Narayan Satham

Personal information
- Full name: Narayan Yashwantrao Satham
- Born: 12 July 1949 Dabhoi, Province of Bombay, India
- Died: 12 February 2023 (aged 73)
- Batting: Right-handed
- Bowling: Right-arm fast-medium

Domestic team information
- 1967/68–1984/85: Baroda

Career statistics
| Competition | FC | List A |
| Matches | 84 | 8 |
| Runs scored | 3,119 | 11 |
| Batting average | 28.61 | 3.66 |
| 100s/50s | 4/12 | 0/0 |
| Top score | 197 | 8 |
| Balls bowled | 11,181 | 378 |
| Wickets | 193 | 5 |
| Bowling average | 31.31 | 50.20 |
| 5 wickets in innings | 7 | 0 |
| 10 wickets in match | 1 | n/a |
| Best bowling | 8/65 | 3/33 |
| Catches/stumpings | 32/– | 0/– |
- Source: ESPNcricinfo, 24 August 2019

= Narayan Satham =

Indian cricketer, coach, and administrator (1949–2023)

Narayan Yashwantrao Satham (12 July 1949 – 12 February 2023) was an Indian first-class cricketer who played for Baroda. He worked as an administrator and coach after his playing career.

==Career==
Satham was right-arm fast-medium bowler who made his first-class debut for Baroda at the age of 18 during the 1967–68 Ranji Trophy. He became part of Baroda's pace trio which included Cecil Williams and Anthony Fernandes. In a career that lasted until the 1984/85 season, Satham appeared in 84 first-class matches in which he took 193 wickets at an average of 31.31. He was also a handy lower-order batsman with more than 3000 runs including four centuries. Satham represented West Zone in Duleep Trophy and against touring Sri Lankan and English teams.
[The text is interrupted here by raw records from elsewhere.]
(* Let $T$ be an order tree of height at most $\omega_1$ and $G$ a sparse $T$-graph. Then all the pairwise disjoint horizontal rays $R_t$ ($t\in T$) of the ray inflation $G\sharp\mathbb{N}$ belong to the same end $\varepsilon$, which is the only end of $G\sharp\mathbb{N}$; in particular $\deg(\varepsilon)=|T|$.
   Context: An order tree is a partial order $(T,\le)$ with a unique minimal element (the root) in which every set $\{t' : t'\le t\}$ is well-ordered; the height of $t$ is the order type of $\{t' : t'<t\}$; the height of $T$ is the supremum of the order types of its maximal chains. $t$ is a successor of $t'$ (its predecessor) if $t'<t$ with nothing strictly between; otherwise $t$ is a limit. A $T$-graph is a graph $G$ with $V(G)=T$ whose edges join comparable points and in which for every $t$ the neighbours of $t$ below $t$ (its down-neighbours) are cofinal in $\{s : s<t\}$. $G$ is sparse if the set of down-neighbours of each $t$ has order type $\mathrm{cf}(\{s : s<t\})$; for height at most $\omega_1$, this means a successor's only down-neighbour is its predecessor and a non-root limit's down-neighbours form a cofinal $\omega$-sequence below it. The ray inflation $G\sharp\mathbb{N}$ has vertex set $T\times\mathbb{N}$ and edges: $(t,n)(t,n+1)$ for all $t,n$ (so $R_t$, the subgraph on $\{t\}\times\mathbb{N}$, is a ray, the horizontal ray); $(t,n)(t',n)$ for all $n$ if $t$ is a successor with predecessor $t'$; $(t,n)(t_n,n)$ for all $n$ if $t$ is a non-root limit with down-neighbours $t_0<t_1<\cdots$. Ends are equivalence classes of rays, two rays being equivalent if there are infinitely many disjoint paths between them; the degree of an end is the maximum number of disjoint rays in it. *)

theory Defs
  imports Main
begin

definition tlt :: "('a \<Rightarrow> 'a \<Rightarrow> bool) \<Rightarrow> 'a \<Rightarrow> 'a \<Rightarrow> bool" where
  "tlt le s t \<longleftrightarrow> le s t \<and> s \<noteq> t"

definition rel_on :: "('a \<Rightarrow> 'a \<Rightarrow> bool) \<Rightarrow> 'a set \<Rightarrow> 'a rel" where
  "rel_on le D = {(x, y). x \<in> D \<and> y \<in> D \<and> le x y}"

definition order_tree :: "'a set \<Rightarrow> ('a \<Rightarrow> 'a \<Rightarrow> bool) \<Rightarrow> bool" where
  "order_tree T le \<longleftrightarrow>
     (\<forall>x\<in>T. le x x) \<and>
     (\<forall>x\<in>T. \<forall>y\<in>T. le x y \<and> le y x \<longrightarrow> x = y) \<and>
     (\<forall>x\<in>T. \<forall>y\<in>T. \<forall>z\<in>T. le x y \<and> le y z \<longrightarrow> le x z) \<and>
     (\<exists>!r. r \<in> T \<and> (\<forall>s\<in>T. le s r \<longrightarrow> s = r)) \<and>
     (\<forall>t\<in>T. well_order_on {s \<in> T. le s t} (rel_on le {s \<in> T. le s t}))"

definition tree_root :: "'a set \<Rightarrow> ('a \<Rightarrow> 'a \<Rightarrow> bool) \<Rightarrow> 'a" where
  "tree_root T le = (THE r. r \<in> T \<and> (\<forall>s\<in>T. le s r \<longrightarrow> s = r))"

definition is_chain :: "'a set \<Rightarrow> ('a \<Rightarrow> 'a \<Rightarrow> bool) \<Rightarrow> 'a set \<Rightarrow> bool" where
  "is_chain T le C \<longleftrightarrow> C \<subseteq> T \<and> (\<forall>x\<in>C. \<forall>y\<in>C. le x y \<or> le y x)"

definition maximal_chain :: "'a set \<Rightarrow> ('a \<Rightarrow> 'a \<Rightarrow> bool) \<Rightarrow> 'a set \<Rightarrow> bool" where
  "maximal_chain T le C \<longleftrightarrow> is_chain T le C \<and> (\<forall>D. is_chain T le D \<and> C \<subseteq> D \<longrightarrow> D = C)"

text \<open>Height at most omega_1: the supremum of the order types of the maximal chains is at most
  omega_1, i.e. every maximal chain has order type at most omega_1 (= cardSuc natLeq).\<close>
definition height_le_omega1 :: "'a set \<Rightarrow> ('a \<Rightarrow> 'a \<Rightarrow> bool) \<Rightarrow> bool" where
  "height_le_omega1 T le \<longleftrightarrow>
     (\<forall>C. maximal_chain T le C \<longrightarrow> (rel_on le C, cardSuc natLeq) \<in> ordLeq)"

definition succ_of :: "'a set \<Rightarrow> ('a \<Rightarrow> 'a \<Rightarrow> bool) \<Rightarrow> 'a \<Rightarrow> 'a \<Rightarrow> bool" where
  "succ_of T le t t' \<longleftrightarrow> t \<in> T \<and> t' \<in> T \<and> tlt le t' t \<and>
     \<not> (\<exists>s\<in>T. tlt le t' s \<and> tlt le s t)"

definition is_successor :: "'a set \<Rightarrow> ('a \<Rightarrow> 'a \<Rightarrow> bool) \<Rightarrow> 'a \<Rightarrow> bool" where
  "is_successor T le t \<longleftrightarrow> (\<exists>t'. succ_of T le t t')"

definition nonroot_limit :: "'a set \<Rightarrow> ('a \<Rightarrow> 'a \<Rightarrow> bool) \<Rightarrow> 'a \<Rightarrow> bool" where
  "nonroot_limit T le t \<longleftrightarrow> t \<in> T \<and> t \<noteq> tree_root T le \<and> \<not> is_successor T le t"

definition down_nbrs :: "'a set \<Rightarrow> ('a \<Rightarrow> 'a \<Rightarrow> bool) \<Rightarrow> ('a \<Rightarrow> 'a \<Rightarrow> bool) \<Rightarrow> 'a \<Rightarrow> 'a set" where
  "down_nbrs T le E t = {u \<in> T. E t u \<and> tlt le u t}"

definition T_graph :: "'a set \<Rightarrow> ('a \<Rightarrow> 'a \<Rightarrow> bool) \<Rightarrow> ('a \<Rightarrow> 'a \<Rightarrow> bool) \<Rightarrow> bool" where
  "T_graph T le E \<longleftrightarrow>
     (\<forall>x y. E x y \<longrightarrow> E y x) \<and>
     (\<forall>x y. E x y \<longrightarrow> x \<in> T \<and> y \<in> T \<and> x \<noteq> y \<and> (le x y \<or> le y x)) \<and>
     (\<forall>t\<in>T. \<forall>s\<in>T. tlt le s t \<longrightarrow> (\<exists>u \<in> down_nbrs T le E t. le s u))"

text \<open>Sparseness, in the explicit form valid for trees of height at most omega_1:
  a successor's only down-neighbour is its predecessor, and the down-neighbours of a non-root
  limit form an omega-sequence (infinite, every element has only finitely many below it).\<close>
definition sparse :: "'a set \<Rightarrow> ('a \<Rightarrow> 'a \<Rightarrow> bool) \<Rightarrow> ('a \<Rightarrow> 'a \<Rightarrow> bool) \<Rightarrow> bool" where
  "sparse T le E \<longleftrightarrow>
     (\<forall>t t'. succ_of T le t t' \<longrightarrow> down_nbrs T le E t = {t'}) \<and>
     (\<forall>t. nonroot_limit T le t \<longrightarrow>
        infinite (down_nbrs T le E t) \<and>
        (\<forall>u \<in> down_nbrs T le E t. finite {v \<in> down_nbrs T le E t. tlt le v u}))"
Satham worked in cricket administrative and coaching roles after retirement. After officiating as a match referee in domestic tournaments, he worked as the head coach of the Singapore national under-19 and senior teams for three years until 1999. In 2001, Satham, along with Mohinder and Surinder Amarnath, trained cricketers in Tangier, Morocco, as part of a cricket development pact with the Moroccan Cricket Association. In 2008, Satham, Williams, Anshuman Gaekwad and Nayan Mongia formed the Veteran Cricketers Association. He then had two tenures as the chairman of cricket improvement committee (CIC) of the Baroda Cricket Association (BCA) and was a member of BCA managing committee until his resignation in 2018. He also coached at the Sangramsinh Gaekwad Cricket Academy in Vadodara.

Satham died on 12 February 2023, at the age of 73.